А рядом, в двух шагах — завернуть только за угол Александринки, миновать сквер, где у ног царицы расположились, как на куртаге, вельможи,— и вот он, Невский проспект! Там цветочные, кондитерские, ювелирные лавки, чудеса Гостиного двора. Там гуляет, катается в экипажах вся та публика, которую никак не разглядишь через рампу, через яму оркестра, стоя на сцене в группе амуров-учениц.
Какая воспитанница не мечтала о часе, когда можно будет смешаться с этой толпой?
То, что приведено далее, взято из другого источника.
lemma pos_def_mat_coercive:
  fixes A :: "real^'n^'n"
  assumes "pos_def_mat A"
  obtains l where "l > 0" "\<And>u. l * (norm u)\<^sup>2 \<le> u \<bullet> (A *v u)"
proof -
  let ?q = "\<lambda>u. u \<bullet> (A *v u)"
  have "continuous_on (sphere 0 1) ?q"
    by (intro continuous_intros linear_continuous_on matrix_vector_mul_bounded_linear)
  moreover have "axis undefined 1 \<in> sphere (0::real^'n) 1"
    by (simp add: norm_axis_1)
  then have "sphere (0::real^'n) 1 \<noteq> {}"
    by blast
  ultimately obtain u0 where u0: "u0 \<in> sphere 0 1" "\<And>u. u \<in> sphere 0 1 \<Longrightarrow> ?q u0 \<le> ?q u"
    using continuous_attains_inf[of "sphere 0 1" ?q] by auto
  have "u0 \<noteq> 0"
    using u0(1) by auto
  then have "?q u0 > 0"
    using assms unfolding pos_def_mat_def by blast
  moreover have "?q u0 * (norm u)\<^sup>2 \<le> ?q u" for u
  proof (cases "u = 0")
    case False
    have "?q u0 \<le> ?q ((1 / norm u) *\<^sub>R u)"
      using False by (intro u0(2)) simp
    also have "\<dots> = ?q u / (norm u)\<^sup>2"
      by (simp add: matrix_vector_mult_scaleR power2_eq_square)
    finally show ?thesis
      using False by (simp add: pos_le_divide_eq)
  qed simp
  ultimately show ?thesis
    using that by blast
qed

lemma coercive_perturbation:
  fixes A E :: "real^'n^'n"
  assumes coercive: "\<And>u. l * (norm u)\<^sup>2 \<le> u \<bullet> (A *v u)"
    and close: "real CARD('n) * real CARD('n) * norm (E - A) \<le> l / 2"
  shows "l / 2 * (norm u)\<^sup>2 \<le> u \<bullet> (E *v u)"
proof -
  have "\<bar>u \<bullet> ((E - A) *v u)\<bar> \<le> norm u * norm ((E - A) *v u)"
    by (rule Cauchy_Schwarz_ineq2)
  also have "\<dots> \<le> norm u * (real CARD('n) * real CARD('n) * norm (E - A) * norm u)"
    by (intro mult_left_mono norm_matrix_vector_mult_le) simp
  also have "\<dots> \<le> norm u * (l / 2 * norm u)"
    using close by (intro mult_left_mono mult_right_mono) auto
  finally have "\<bar>u \<bullet> ((E - A) *v u)\<bar> \<le> l / 2 * (norm u)\<^sup>2"
    by (simp add: power2_eq_square algebra_simps)
  moreover have "u \<bullet> (E *v u) = u \<bullet> (A *v u) + u \<bullet> ((E - A) *v u)"
    by (simp add: matrix_vector_mult_diff_rdistrib inner_diff_right)
  ultimately show ?thesis
    using coercive[of u] by linarith
qed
Многие, но не воспитанница Павлова.
Светские радости занимали ее так же мало, как и непременные в старших классах романы. Ей было безразлично, кому из мальчиков подать руку в мазурке, с кем попробовать двойной пируэт на пальцах. Оживление перед общей репетицией оставляло ее равнодушной. Она не поверяла закадычной подруге сердечной тайны, потому что тайны не было. Да и была ли подруга?..
Подругами были все. Привыкли, что Нюра Павлова часто сидит в стороне, перебирая пальцами темно-русую косу. Тогда ее лучше оставить в покое. Зато, если вдруг рассмешат, в улыбке поднимутся уголки губ, в печальных глазах запляшут искры. Такой неожиданной и разной она была всегда.
Девочка родилась семимесячной глухим зимним утром — 31 января 1881 года. Умудренные опытом соседки качали головами: положить бы под образа, пусть летит невинная душенька к богу. Но упрямая мать кутала хилое тельце в вату, берегла хрупкую жизнь. Не заладилось счастье с мужем, может, порадует дочка.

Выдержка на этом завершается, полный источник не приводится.